O que vos digo em trevas dizei-o em luz; e o que escutais ao ouvido pregai-o sobre os telhados” (Mt 10:26,27)

    Se alguém lhe disser que você não vive, argumente acerca da vida a partir da sabedoria que se expande para melhor viver.
- Você não vive, pois não bebe!
- Se beber é viver, o certo seria conhecer as melhores bebidas e aprender a degustá-las. Para tal, há um estudo.
- Você não vive, pois não vê pornografia!
- Se a pornografia é boa, quem dirá a experiência real. Logo é melhor buscar uma pessoa real e, nisso, crescer em vivências sexuais reais com pessoas concretas.
- Você não vive, pois não pega ninguém!
- Se pegar alguém é bom, imagine vivenciar toda densidade humana. Imagina integrar-se com alguém e viver uma relação de pleno desenvolvimento em alteridade, em que essa pessoa e eu vivemos numa crescente relação em que a cada dia nos tornamos mais íntimos.
- Você não vive, pois não joga!
- Se jogar videogame é bom, quem dirá jogar os melhores jogos e quem dirá compreendê-los: imagine jogar um videogame sabendo de seu hardware, sabendo da sua arte, sabendo de sua arte.
- Mas conhecer não é viver, viver é fazer!

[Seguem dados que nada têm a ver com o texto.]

(* Let $0\le R'\le (1-p)^{|\mathcal E|}$ and let $M\ge1$ be an integer. Then, in the symmetric-erasure retransmission model described in the context, $$P\Big(\min_{v\in\mathcal V} n_v(M) < R'M\Big)\;\le\; N\,2^{-M\,D\left(R',(1-p)^{|\mathcal E|}\right)} .$$ In particular, for every $R'<(1-p)^{|\mathcal E|}$ this probability decays exponentially in $M$ (for every $p<1$).
   Context: Let $\mathcal G=(\mathcal V,\mathcal E)$ be a finite connected undirected simple graph with $N=|\mathcal V|$ vertices and maximum degree $\Delta$; $\mathcal N_v$ denotes the set of neighbours of $v$. Fix an erasure probability $p\in[0,1]$. Erasures are symmetric: for every undirected edge $e\in\mathcal E$ and every round $t\ge 1$ there is a random variable $S^e_t\in\{0,1\}$ with $P(S^e_t=1)=1-p$ ($S^e_t=1$ means the edge works in round $t$, $S^e_t=0$ means the packets in both directions on $e$ are erased in round $t$), and all these variables are mutually independent. The retransmission protocol for distributed consensus is described by integer state variables $n_{vu}(t)$, for every ordered pair $(v,u)$ with $u\in\mathcal N_v$ and every $t\ge 0$ (the index of the latest iterate of node $u$ available at node $v$ after round $t$), together with $n_v(t)=1+\min_{u\in\mathcal N_v} n_{vu}(t)$ (the number of iterations of the consensus update $x^v_{k+1}=x^v_k-\epsilon\sum_{u\in\mathcal N_v}(x^v_k-x^u_k)$ that node $v$ has completed after round $t$). Initially $n_{vu}(0)=-1$ for all such pairs (so $n_v(0)=0$), and for all $t\ge 0$ $$n_{vu}(t+1)=n_{vu}(t)+S^{\{u,v\}}_{t+1}\cdot\mathbf 1\{n_u(t)>n_{vu}(t)\}.$$ Node $u$ is said to transmit a "wait" to node $v$ in round $t+1$ iff $n_{vu}(t)=n_u(t)$. $D(q,p)=q\log_2\frac qp+(1-q)\log_2\frac{1-q}{1-p}$ is the binary Kullback–Leibler divergence (with $0\log 0=0$). *)

theory Defs
  imports "HOL-Probability.Probability"
begin

definition simple_graph :: "'a set \<Rightarrow> 'a set set \<Rightarrow> bool" where
  "simple_graph V E \<longleftrightarrow> finite V \<and>
     (\<forall>e\<in>E. \<exists>u v. u \<in> V \<and> v \<in> V \<and> u \<noteq> v \<and> e = {u, v})"

definition connected_graph :: "'a set \<Rightarrow> 'a set set \<Rightarrow> bool" where
  "connected_graph V E \<longleftrightarrow> (\<forall>u\<in>V. \<forall>v\<in>V. (\<lambda>x y. {x, y} \<in> E)\<^sup>*\<^sup>* u v)"

definition nbrs :: "'a set set \<Rightarrow> 'a \<Rightarrow> 'a set" where
  "nbrs E v = {u. {u, v} \<in> E}"

text \<open>Protocol state.  S e t = True means edge e works in round t.
  link_state E S t v u = n_vu(t);  node_iters E S t v = n_v(t).\<close>

fun link_state :: "'a set set \<Rightarrow> ('a set \<Rightarrow> nat \<Rightarrow> bool) \<Rightarrow> nat \<Rightarrow> 'a \<Rightarrow> 'a \<Rightarrow> int" where
  "link_state E S 0 = (\<lambda>v u. -1)"
| "link_state E S (Suc t) =
     (let n = link_state E S t;
          nd = (\<lambda>w. 1 + Min (n w ` nbrs E w))
      in (\<lambda>v u. n v u + (if S {u, v} (Suc t) \<and> nd u > n v u then 1 else 0)))"

definition node_iters :: "'a set set \<Rightarrow> ('a set \<Rightarrow> nat \<Rightarrow> bool) \<Rightarrow> nat \<Rightarrow> 'a \<Rightarrow> int" where
  "node_iters E S t v = 1 + Min (link_state E S t v ` nbrs E v)"

text \<open>Erasure pattern for rounds 1..M: independent Bernoulli(1-p) variables S^e_t,
  e \<in> E, 1 \<le> t \<le> M (outside this index set the value is irrelevant, fixed to False).\<close>

definition erasure_pmf :: "'a set set \<Rightarrow> real \<Rightarrow> nat \<Rightarrow> ('a set \<times> nat \<Rightarrow> bool) pmf" where
  "erasure_pmf E p M = Pi_pmf (E \<times> {1..M}) False (\<lambda>_. bernoulli_pmf (1 - p))"

text \<open>Binary KL divergence (base 2), with 0 log 0 = 0 and t log(t/0) = +\<infinity> for t > 0.\<close>

definition kl_term :: "real \<Rightarrow> real \<Rightarrow> ereal" where
  "kl_term t b = (if t = 0 then 0 else if b = 0 then \<infinity> else ereal (t * log 2 (t / b)))"

definition KL_div :: "real \<Rightarrow> real \<Rightarrow> ereal" where
  "KL_div q p = kl_term q p + kl_term (1 - q) (1 - p)"

definition pow2_neg :: "nat \<Rightarrow> ereal \<Rightarrow> real" where
  "pow2_neg M D = (if D = \<infinity> then 0 else 2 powr (- real M * real_of_ereal D))"

end

theory Submission imports Defs begin

(* Call round t "good" if every edge of the graph works in round t.
   (1) Combinatorics of the protocol: in a good round every node that has not yet
       received the current iterate of a neighbour receives it, so the minimum
       number of completed iterations over all nodes grows by at least one; since
       these counters never decrease, every node has completed at least as many
       iterations after round M as there were good rounds among 1..M.
   (2) Probability: the good-round indicators of rounds 1..M are i.i.d. Bernoulli
       with success probability q = (1-p)^|E|, so the event in the theorem is
       contained in the lower-tail event "fewer than R'M good rounds", whose
       probability the Chernoff bound (exponential Markov inequality) estimates by
       2^(-M D(R',q)).  The factor N in the theorem is then a free weakening. *)

text \<open>The recursion for n_vu stated through n_u(t); afterwards link_state is only
  unfolded via this equation.\<close>

lemma link_state_Suc:
  "link_state E S (Suc t) v u = link_state E S t v u +
     (if S {u, v} (Suc t) \<and> node_iters E S t u > link_state E S t v u then 1 else 0)"
  by (simp add: Let_def node_iters_def)

declare link_state.simps(2)[simp del]

lemma link_state_mono_Suc: "link_state E S t v u \<le> link_state E S (Suc t) v u"
  by (simp add: link_state_Suc)

lemma node_iters_ge:
  assumes "finite (nbrs E v)" "nbrs E v \<noteq> {}"
    and "\<And>u. u \<in> nbrs E v \<Longrightarrow> m \<le> link_state E S t v u"
  shows "1 + m \<le> node_iters E S t v"
  unfolding node_iters_def using assms by simp

lemma node_iters_le:
  assumes "finite (nbrs E v)" "u \<in> nbrs E v"
  shows "node_iters E S t v \<le> 1 + link_state E S t v u"
  unfolding node_iters_def using assms by simp

lemma node_iters_mono_Suc:
  assumes "finite (nbrs E v)" "nbrs E v \<noteq> {}"
  shows "node_iters E S t v \<le> node_iters E S (Suc t) v"
proof -
  have "Min (link_state E S t v ` nbrs E v) \<le> link_state E S (Suc t) v u"
    if "u \<in> nbrs E v" for u
    using assms that link_state_mono_Suc[of E S t v u] by (meson Min_le finite_imageI image_eqI order_trans)
  thus ?thesis
    using node_iters_ge[OF assms] unfolding node_iters_def by blast
qed

definition good_rounds :: "'a set set \<Rightarrow> ('a set \<Rightarrow> nat \<Rightarrow> bool) \<Rightarrow> nat \<Rightarrow> nat set" where
  "good_rounds E S t = {s \<in> {1..t}. \<forall>e\<in>E. S e s}"

locale protocol_graph =
  fixes V :: "'a set" and E :: "'a set set"
  assumes finite_nbrs: "\<And>v. v \<in> V \<Longrightarrow> finite (nbrs E v)"
    and nbrs_nonempty: "\<And>v. v \<in> V \<Longrightarrow> nbrs E v \<noteq> {}"
    and nbrs_closed: "\<And>v u. v \<in> V \<Longrightarrow> u \<in> nbrs E v \<Longrightarrow> u \<in> V"
begin

text \<open>In a good round, a lower bound m on all n_w(t) improves to m + 1 at every node:
  a counter n_vu either is already at least n_u(t) \<ge> m, or it is incremented from a
  value that is at least n_v(t) - 1 \<ge> m - 1.\<close>

lemma good_round_step:
  assumes v: "v \<in> V" and good: "\<And>e. e \<in> E \<Longrightarrow> S e (Suc t)"
    and m: "\<And>w. w \<in> V \<Longrightarrow> m \<le> node_iters E S t w"
  shows "1 + m \<le> node_iters E S (Suc t) v"
proof (rule node_iters_ge[OF finite_nbrs[OF v] nbrs_nonempty[OF v]])
  fix u assume u: "u \<in> nbrs E v"
  have works: "S {u, v} (Suc t)" using good u by (simp add: nbrs_def)
  show "m \<le> link_state E S (Suc t) v u"
  proof (cases "node_iters E S t u > link_state E S t v u")
    case True
    have "m \<le> node_iters E S t v" using m v .
    also have "\<dots> \<le> 1 + link_state E S t v u" using node_iters_le[OF finite_nbrs[OF v] u] .
    finally show ?thesis using True works by (simp add: link_state_Suc)
  next
    case False
    have "m \<le> node_iters E S t u" using m nbrs_closed[OF v u] .
    thus ?thesis using False by (simp add: link_state_Suc)
  qed
qed

lemma node_iters_ge_good_rounds:
  "v \<in> V \<Longrightarrow> int (card (good_rounds E S t)) \<le> node_iters E S t v"
proof (induction t arbitrary: v)
  case 0
  show ?case
    using node_iters_ge[OF finite_nbrs[OF 0] nbrs_nonempty[OF 0], of "-1"]
    by (simp add: good_rounds_def)
next
  case (Suc t)
  show ?case
  proof (cases "\<forall>e\<in>E. S e (Suc t)")
    case True
    hence "good_rounds E S (Suc t) = insert (Suc t) (good_rounds E S t)"
      by (auto simp: good_rounds_def)
    hence "card (good_rounds E S (Suc t)) = Suc (card (good_rounds E S t))"
      by (simp add: good_rounds_def)
    moreover have "1 + int (card (good_rounds E S t)) \<le> node_iters E S (Suc t) v"
      using good_round_step[OF Suc.prems] True Suc.IH by blast
    ultimately show ?thesis by simp
  next
    case False
    hence "good_rounds E S (Suc t) = good_rounds E S t"
      by (auto simp: good_rounds_def le_Suc_eq)
    moreover have "node_iters E S t v \<le> node_iters E S (Suc t) v"
      using node_iters_mono_Suc[OF finite_nbrs[OF Suc.prems] nbrs_nonempty[OF Suc.prems]] .
    ultimately show ?thesis using Suc.IH[OF Suc.prems] by simp
  qed
qed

- Mas aquele que mais faz é aquele que faz com sabedoria, o teórico não se destrói na prática, pelo contrário, aperfeiçoa. A práxis não é destruída pela teoresis, a práxis é íntima da teoresis. E aquele que não tem teoria, não vivencia a prática. 
- Isso é coisa de velho!
- E seus argumentos são superficiais, tal como a sua pessoa. Você pode até pegar alguém, mas não consegue chegar no mais íntimo contato com essa pessoa. Você pode até jogar videogame, mas não sabe nada de como ele é feito e logo também não sabe como verdadeiramente apreciá-lo. Você pode até beber, mas não sabe o que há de melhor para beber. Tudo que você faz é superficial, tudo que você faz é morno, logo a realidade total nunca é conseguida: sua experiência é tão oca quanto a sua inteligência!

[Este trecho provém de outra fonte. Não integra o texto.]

lemma place_val_sum_min_term:
  assumes pl: "place k v" and "finite S"
    and coeffs: "\<forall>l\<in>S. \<gamma> l \<in> k \<and> \<gamma> l \<noteq> 0" and nz: "\<forall>l\<in>S. f l \<noteq> (0::'a::field)"
    and distinct: "\<forall>l\<in>S. \<forall>l'\<in>S. l \<noteq> l' \<longrightarrow> v (f l) \<noteq> v (f l')"
    and "\<nu> \<in> S" and min: "\<forall>l\<in>S. v (f \<nu>) \<le> v (f l)"
  shows "v (\<Sum>l\<in>S. \<gamma> l * f l) = v (f \<nu>)"
proof -
  have val_term: "\<gamma> l * f l \<noteq> 0 \<and> v (\<gamma> l * f l) = v (f l)" if "l \<in> S" for l
    using that coeffs nz place_val_mult[OF pl] place_val_const[OF pl] by auto
  have "\<forall>l\<in>S - {\<nu>}. \<gamma> l * f l \<noteq> 0 \<longrightarrow> v (\<gamma> \<nu> * f \<nu>) < v (\<gamma> l * f l)"
    using val_term \<open>\<nu> \<in> S\<close> min distinct by (metis DiffE insertI1 order_le_neq_trans)
  then have "v (\<gamma> \<nu> * f \<nu> + (\<Sum>l\<in>S - {\<nu>}. \<gamma> l * f l)) = v (\<gamma> \<nu> * f \<nu>)"
    using val_term[OF \<open>\<nu> \<in> S\<close>] \<open>finite S\<close> by (intro place_val_add_sum_dominant[OF pl]) auto
  then have "v (\<gamma> \<nu> * f \<nu> + (\<Sum>l\<in>S - {\<nu>}. \<gamma> l * f l)) = v (f \<nu>)"
    using val_term[OF \<open>\<nu> \<in> S\<close>] by simp
  then show ?thesis using \<open>finite S\<close> \<open>\<nu> \<in> S\<close> by (simp add: sum.remove)
qed

lemma place_val_additive_poly_root:
  assumes pl: "place k v" and "1 < p" and y: "(y::'a::field) \<noteq> 0" "v y < 0"
    and coeffs: "\<forall>j<m. c j \<in> k" and root: "poly (additive_poly p m c D) y = 0"
  shows "v D = int (p ^ m) * v y"
proof -
  have D: "D = y ^ p ^ m + (\<Sum>j<m. c j * y ^ p ^ j)"
    using root by (simp add: additive_poly_def poly_monom poly_sum)
  have "v (y ^ p ^ m) < v (c j * y ^ p ^ j)" if "j < m" "c j \<noteq> 0" for j
  proof -
    have "int (p ^ m) * v y < int (p ^ j) * v y"
      using \<open>j < m\<close> \<open>1 < p\<close> \<open>v y < 0\<close> by (simp add: power_strict_increasing)
    then show ?thesis
      using that coeffs y place_val_mult[OF pl] place_val_const[OF pl] place_val_power[OF pl] by simp
  qed
  then have "v D = v (y ^ p ^ m)"
    unfolding D using y by (intro place_val_add_sum_dominant[OF pl]) auto
  then show ?thesis using place_val_power[OF pl y(1)] by simp
qed

text \<open>The common factor \<open>c\<close> is \<open>p^(n_i+...+n_(h-1))\<close> in the application, where it is
  cancelled against the same factor in \<open>p^n_i v(f_i)\<close>.\<close>

lemma place_val_mon:
  assumes pl: "place k v" and "x \<noteq> 0" and nz: "\<forall>j\<in>{1..<i}. fb j \<noteq> 0"
    and vx: "v x = - int (c * q\<^sub>0)" and vfb: "\<forall>j\<in>{1..<i}. v (fb j) = - int (c * q j)"
  shows "v (mon x fb i l) = - int (c * (l 0 * q\<^sub>0 + (\<Sum>j\<in>{1..<i}. l j * q j)))"
proof -
  have "v (\<Prod>j\<in>{1..<i}. fb j ^ l j) = (\<Sum>j\<in>{1..<i}. v (fb j ^ l j))"
    using nz by (intro place_val_prod[OF pl]) auto
  also have "\<dots> = (\<Sum>j\<in>{1..<i}. int (l j) * v (fb j))"
    using nz place_val_power[OF pl] by (intro sum.cong) auto
  finally have "v (mon x fb i l) = int (l 0) * v x + (\<Sum>j\<in>{1..<i}. int (l j) * v (fb j))"
    unfolding mon_def using \<open>x \<noteq> 0\<close> nz place_val_mult[OF pl] place_val_power[OF pl] by simp
  also have "\<dots> = - int (c * (l 0 * q\<^sub>0 + (\<Sum>j\<in>{1..<i}. l j * q j)))"
    using vx vfb by (simp add: algebra_simps sum_distrib_left sum_negf)
  finally show ?thesis .
qed

lemma transcendental_over_nonzero:
  assumes "subfield k" "transcendental_over k x"
  shows "x \<noteq> 0"
proof -
  have "poly_over k [:0, 1:]"
    using assms(1) by (auto simp: poly_over_def subfield_def coeff_pCons split: nat.splits)
  then show ?thesis using assms(2) by (auto simp: transcendental_over_def)
qed

lemma ram_group_Suc_subset: "ram_group G v (Suc j) \<subseteq> ram_group G v j"
  unfolding ram_group_def by force

lemma ram_group_subset: "ram_group G v j \<subseteq> G"
  unfolding ram_group_def by auto

lemma ram_group_below_first_jump:
  fixes b :: "nat \<Rightarrow> nat" and h :: nat
  assumes G1: "ram_group G v 1 = G"
    and jumps: "{j. ram_group G v j \<noteq> ram_group G v (Suc j)} = b ` {1..h-1}"
    and mono: "\<forall>j l. 1 \<le> j \<and> j < l \<and> l \<le> h - 1 \<longrightarrow> b j < b l"
    and "j \<le> b 1"
  shows "ram_group G v j = G"
  using \<open>j \<le> b 1\<close>
proof (induction j)
  case 0
  show ?case using ram_group_subset[of G v 0] ram_group_Suc_subset[of G v 0] G1 by auto
next
  case (Suc j)
  have "ram_group G v j = ram_group G v (Suc j)"
  proof (rule ccontr)
    assume "ram_group G v j \<noteq> ram_group G v (Suc j)"
    then have "j \<in> b ` {1..h-1}" using jumps by blast
    then obtain l where "1 \<le> l" "l \<le> h - 1" "j = b l" by auto
    then have "b 1 \<le> j" using mono by (cases "l = 1") (auto intro: less_imp_le)
    then show False using Suc.prems by simp
  qed
  then show ?case using Suc by simp
qed

lemma power_sum_telescope:
  fixes c :: "nat \<Rightarrow> nat"
  assumes step: "\<And>j. a \<le> j \<Longrightarrow> j < m \<Longrightarrow> c j = p ^ n j * c (Suc j)"
    and last: "c m = p ^ n m" and "a \<le> m"
  shows "c a = p ^ (\<Sum>l\<in>{a..m}. n l)"
  using \<open>a \<le> m\<close>
proof (induction a rule: inc_induct)
  case (step j)
  then show ?case using assms(1) by (simp add: sum.atLeast_Suc_atMost power_add)
qed (simp add: last)

lemma card_eq_power_sum_jump_indices:
  fixes b :: "nat \<Rightarrow> nat" and h p :: nat
  assumes G1: "ram_group G v 1 = G"
    and jumps: "{j. ram_group G v j \<noteq> ram_group G v (Suc j)} = b ` {1..h-1}"
    and mono: "\<forall>j l. 1 \<le> j \<and> j < l \<and> l \<le> h - 1 \<longrightarrow> b j < b l"
    and idx: "\<forall>j. 1 \<le> j \<and> j < h - 1 \<longrightarrow>
                card (ram_group G v (b j)) = p ^ n j * card (ram_group G v (b (Suc j)))"
    and idx_last: "card (ram_group G v (b (h - 1))) = p ^ n (h - 1)"
    and "1 \<le> h - 1"
  shows "card G = p ^ (\<Sum>l\<in>{1..h-1}. n l)"
proof -
  have "card (ram_group G v (b 1)) = p ^ (\<Sum>l\<in>{1..h-1}. n l)"
    using idx idx_last \<open>1 \<le> h - 1\<close> by (intro power_sum_telescope) auto
  then show ?thesis using ram_group_below_first_jump[OF G1 jumps mono order.refl] by simp
qed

    Não se enganem. Quando você pega um livro, quando você lê um artigo, quando você conversa com aquela pessoa que você ama e descobre mais sobre ela: isso é tão real quanto o real. Nem se enganem por essas pessoas superficiais, pois tudo que elas fazem não é real. O real é profundo, o real é íntimo, portanto todo real exige dedicação, tempo e conhecimento. Não é você que não vive, não é você que é careta: são essas pessoas que são superficiais. Na chuva, não se molham; no calor, não se esquentam; no amor, não são íntimas; no sexo, não dão satisfação.

Conclusão
 
    A pornografia não é só alienadora, é continuamente alienadora. E essa contínua alienação que lhe marca faz com que o ser seja incapaz de se abrir para a realidade. Já que vida é experiência e experiência é se projetar para fora – mesmo que após isso haja uma introspecção de algo ou alguém que se assimila junto ao ser que experiencia. Tornar-se autossatisfeito é se incapacitar: visto que toda vida é um grande projeto de convivência. A vida é um esforço comunicacional. Quem se recusa a se comunicar, recusar-se-á também a crescer. Uma pessoa autossatisfeita é imatura, visto que a experiência nasce de uma insatisfação que quer se satisfazer. E quando melhor e mais sensatamente se satisfaz, mais se torna integralmente satisfeita. Como a pornografia é um mundo a parte e o fechamento nesse mundo a parte que não se integra na totalidade do sujeito – tal como toda alienação – ela é incapaz de propulsionar a realização do ser. Eu não sei se você está satisfeito com o que falei, mas se eu pudesse lhe dizer uma última coisa, essa coisa seria: se você quer ser feliz, largue a pornografia. A pornografia mata o amor e a ausência de amor mata a felicidade.